School nurses are much more than the person you go to when you’re not feeling well and you need a note, Fekaris said. Rather, school nurses are community educators who provide preventive health care that keeps kids in school and boosts graduation rates.
Fekaris talks about a school nurse in Chicago who discovered that students who were being expelled for bringing weapons to school were actually so afraid for their safety they brought them in to protect themselves from being attacked. Another school nurse in rural Tennessee organized Telehealth, health care telecommunication technology, to get students and families access to vital health care.
And for students in low-income families, students who are homeless and especially students in rural areas with little access, sometimes the school nurse is the only health care option.
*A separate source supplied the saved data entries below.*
(* Let $C\subseteq\mathbb{F}^n$ be an $[n,k]$ linear code with full support, and let $T=\boldsymbol{\alpha}^1|\mathfrak{s}_1\otimes\cdots\otimes\boldsymbol{\alpha}^k|\mathfrak{s}_k$ be a minimal linear trellis for $C$. Let $\boldsymbol{\beta}^1,\dots,\boldsymbol{\beta}^k\in C$ be such that $\mathfrak{s}_i$ is a minimal span of $\boldsymbol{\beta}^i$ for every $i$. Then $\boldsymbol{\beta}^1,\dots,\boldsymbol{\beta}^k$ is a basis of $C$, and consequently $T'=\boldsymbol{\beta}^1|\mathfrak{s}_1\otimes\cdots\otimes\boldsymbol{\beta}^k|\mathfrak{s}_k$ is also a minimal linear trellis for $C$.
   Context: Let $\mathbb{F}$ be a finite field and $n\ge1$; indices are taken in $\mathbb{Z}_n$. A trellis $T$ of length $n$ over $\mathbb{F}$ consists of pairwise disjoint finite vertex sets $V_i(T)$, $i\in\mathbb{Z}_n$, and edge sets $E_i(T)\subseteq V_i(T)\times\mathbb{F}\times V_{i+1}(T)$. Trellises are trim. $T$ is linear if each $V_i(T)$ is an $\mathbb{F}$-vector space and each $E_i(T)$ a subspace. $C(T)$ is the set of label sequences of closed paths of length $n$ starting in $V_0(T)$. $T'$ is smaller than $T$ if $|V_i(T')|\le|V_i(T)|$ for all $i$ with some strict inequality; a minimal linear trellis for $C$ is a linear trellis $T$ with $C(T)=C$ such that no linear trellis $T'$ with $C(T')=C$ is smaller than $T$. Spans: for $a\in\mathbb{Z}_n$, $0\le l\le n-1$, $[a,a+l]=\{a,\dots,a+l\}\subseteq\mathbb{Z}_n$, $(a,a+l]=[a,a+l]\setminus\{a\}$; $(a,l)$ is a span; degenerate spans $\emptyset$ (length $-1$) and $\mathbb{Z}_n$ (length $n$, written $(a,n)$). Partial order: $(a_1,l_1)\le(a_2,l_2)$ iff ($l_1\le l_2<n-1$ and $[a_1,a_1+l_1]\subseteq[a_2,a_2+l_2]$) or ($l_2=n-1$ and $(a_1,a_1+l_1]\subseteq(a_2,a_2+l_2]$) or $l_1=-1$ or $l_2=n$. A vector $\boldsymbol{\alpha}\in\mathbb{F}^n$ has span $(a,l)$, $0\le l\le n-1$, if its support lies in $[a,a+l]$; $\emptyset$ is a span only of $\mathbf{0}$ and $\mathbb{Z}_n$ of every vector. A minimal span of $\boldsymbol{\alpha}$ is a span $\mathfrak{s}$ of $\boldsymbol{\alpha}$ such that no span $\mathfrak{s}'\lneq\mathfrak{s}$ is a span of $\boldsymbol{\alpha}$. Elementary trellis $\boldsymbol{\alpha}|(a,l)$ ($\boldsymbol{\alpha}$ of span $(a,l)$, $0\le l\le n$): $V_i=\mathbb{F}$ for $i\in(a,a+l]$ (all $i$ if $l=n$), $V_i=0$ otherwise, $E_i=\langle(u_i,\alpha_i,u_{i+1})\rangle$ with $u_i=1$ if $i\in(a,a+l]$, else $0$. The product $T\otimes T'$ has $V_i=V_i(T)\times V_i(T')$ and $E_i=\{((v,v'),\alpha+\alpha',(w,w')):(v,\alpha,w)\in E_i(T),(v',\alpha',w')\in E_i(T')\}$; it satisfies $C(T\otimes T')=C(T)+C(T')$. *)

theory Defs
  imports Main "HOL.Vector_Spaces" "HOL-Library.Function_Algebras" "HOL-Library.Product_Plus"
begin

(* Vectors of F^n are functions nat => 'f vanishing outside {0..<n};
   indices of Z_n are 0..<n, successor of i is Suc i mod n. *)

definition fvecs :: "nat \<Rightarrow> (nat \<Rightarrow> 'f::zero) set" where
  "fvecs n = {v. \<forall>i\<ge>n. v i = 0}"

definition fscale :: "'f::field \<Rightarrow> (nat \<Rightarrow> 'f) \<Rightarrow> (nat \<Rightarrow> 'f)" where
  "fscale c v = (\<lambda>m. c * v m)"

definition escale :: "'f::field \<Rightarrow> (nat \<Rightarrow> 'f) \<times> 'f \<times> (nat \<Rightarrow> 'f)
    \<Rightarrow> (nat \<Rightarrow> 'f) \<times> 'f \<times> (nat \<Rightarrow> 'f)" where
  "escale c e = (case e of (v, x, w) \<Rightarrow> (fscale c v, c * x, fscale c w))"

(* Trellis: vertex sets V_i and edge sets E_i, i \<in> Z_n = {0..<n}.
   Vertices of every trellis are taken in the ambient space nat => 'f
   (every finite F-vector space embeds there). *)
record 'f trellis =
  TV :: "nat \<Rightarrow> (nat \<Rightarrow> 'f) set"
  TE :: "nat \<Rightarrow> ((nat \<Rightarrow> 'f) \<times> 'f \<times> (nat \<Rightarrow> 'f)) set"

definition valid_trellis :: "nat \<Rightarrow> 'f trellis \<Rightarrow> bool" where
  "valid_trellis n T \<longleftrightarrow> (\<forall>i<n. finite (TV T i) \<and>
      TE T i \<subseteq> TV T i \<times> UNIV \<times> TV T (Suc i mod n))"

definition closed_path :: "nat \<Rightarrow> 'f trellis \<Rightarrow> (nat \<Rightarrow> nat \<Rightarrow> 'f) \<Rightarrow> (nat \<Rightarrow> 'f) \<Rightarrow> bool" where
  "closed_path n T v a \<longleftrightarrow> (\<forall>i<n. (v i, a i, v (Suc i mod n)) \<in> TE T i)"

definition code :: "nat \<Rightarrow> 'f::zero trellis \<Rightarrow> (nat \<Rightarrow> 'f) set" where
  "code n T = {a \<in> fvecs n. \<exists>v. closed_path n T v a}"

definition trim :: "nat \<Rightarrow> 'f trellis \<Rightarrow> bool" where
  "trim n T \<longleftrightarrow> (\<forall>i<n.
      (\<forall>x\<in>TV T i. \<exists>v a. closed_path n T v a \<and> v i = x) \<and>
      (\<forall>e\<in>TE T i. \<exists>v a. closed_path n T v a \<and> (v i, a i, v (Suc i mod n)) = e))"

definition linear_trellis :: "nat \<Rightarrow> 'f::field trellis \<Rightarrow> bool" where
  "linear_trellis n T \<longleftrightarrow> valid_trellis n T \<and>
     (\<forall>i<n. module.subspace fscale (TV T i) \<and> module.subspace escale (TE T i))"

definition smaller :: "nat \<Rightarrow> 'f trellis \<Rightarrow> 'f trellis \<Rightarrow> bool" where
  "smaller n T' T \<longleftrightarrow> (\<forall>i<n. card (TV T' i) \<le> card (TV T i)) \<and>
                       (\<exists>i<n. card (TV T' i) < card (TV T i))"

(* all trellises are trim (standing assumption) *)
definition minimal_linear_trellis :: "nat \<Rightarrow> (nat \<Rightarrow> 'f::field) set \<Rightarrow> 'f trellis \<Rightarrow> bool" where
  "minimal_linear_trellis n C T \<longleftrightarrow> linear_trellis n T \<and> trim n T \<and> code n T = C \<and>
     \<not> (\<exists>T'. linear_trellis n T' \<and> trim n T' \<and> code n T' = C \<and> smaller n T' T)"

(* Spans: a pair (a, l) with a \<in> Z_n and -1 \<le> l \<le> n; l = -1 is the empty span,
   l = n is Z_n. *)
definition is_span :: "nat \<Rightarrow> nat \<times> int \<Rightarrow> bool" where
  "is_span n s \<longleftrightarrow> fst s < n \<and> -1 \<le> snd s \<and> snd s \<le> int n"

definition cinterval :: "nat \<Rightarrow> nat \<Rightarrow> nat \<Rightarrow> nat set" where
  "cinterval n a l = {(a + j) mod n | j. j \<le> l}"

definition ointerval :: "nat \<Rightarrow> nat \<Rightarrow> nat \<Rightarrow> nat set" where
  "ointerval n a l = {(a + j) mod n | j. 1 \<le> j \<and> j \<le> l}"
Sarah Hansell: You said in 2016 that the ideal school nurse to student ratio should be 1 to 750, but in Oregon, the ratio is something like 1 to 3,000. It’s estimated that 40 percent of school districts throughout the state don’t have school nurses at all. So where are we now?
Nina Fekaris: I do not think those statistics have really changed any. I haven’t heard that districts are eliminating positions, so I don’t think we’re worse off, but I also don’t think we’re much better.
S.H.: Could you tell me what some of the big impacts are of that vast ratio?
N.F.: The (job) of the school nurse is to make sure that her students are healthy and that they’re safe and that they can be in the building and ready to learn. We’re looking at trying to build capacity, not only within our students, but we also support our families. When we have such high ratios, or even when districts don’t have any school nurse services, we believe that there are unmet health needs that are going unnoticed or undernoticed. The number of children with chronic or acute health conditions has kind of skyrocketed over the past 10 years. The number of children with anaphylaxis, which is a life-threatening allergic reaction, that has increased dramatically. Our number of children with Type 1 diabetes has increased dramatically.
And those are life-threatening health conditions that, unless school staff understand the signs and symptoms and know how to treat quickly, can result in a child’s death. And so if there is no health care provider, and school nurses are oftentimes the first front line kind of health care providers that children have in school, if that service isn’t available, then I believe we’re putting children in Oregon at risk.
S.H.: What are school nurses seeing these days that they weren’t seeing in the past? Essentially, what’s the experience of the 21st-century school nurse in Oregon?
N.F.: The dramatic increase of children with life-threatening allergies and Type 1 diabetes: These medical conditions significantly impact the amount of time and planning and preparation that a school needs to have in place to keep those students safe. The other huge issue that we’re seeing is mental health. Mental and behavioral health concerns have also skyrocketed, and that has been within the last five years that we’ve really seen that huge increase.
It’s children coming to school with severe anxiety; early, early diagnoses of kids with potential eating disorders; children that are experiencing such kind of traumas or adverse childhood events in their life outside of school that coming to school is kind of their safe haven.
S.H.: How much would you say housing insecurity and homelessness affects students’ health and school performance?
N.F.: It’s a dramatic effect. There have been studies that have shown that homeless children develop acute and chronic health conditions at increased rates over children that have stable housing. The stress of their living situation definitely negatively impacts their ability to learn. It keeps triggering that trauma brain. So we have a part in our brain that is really our fight/flight thing, which is from way back when we were hunter gatherers, and you had to be aware of your surroundings or a saber tooth tiger would eat you, that kind of thing.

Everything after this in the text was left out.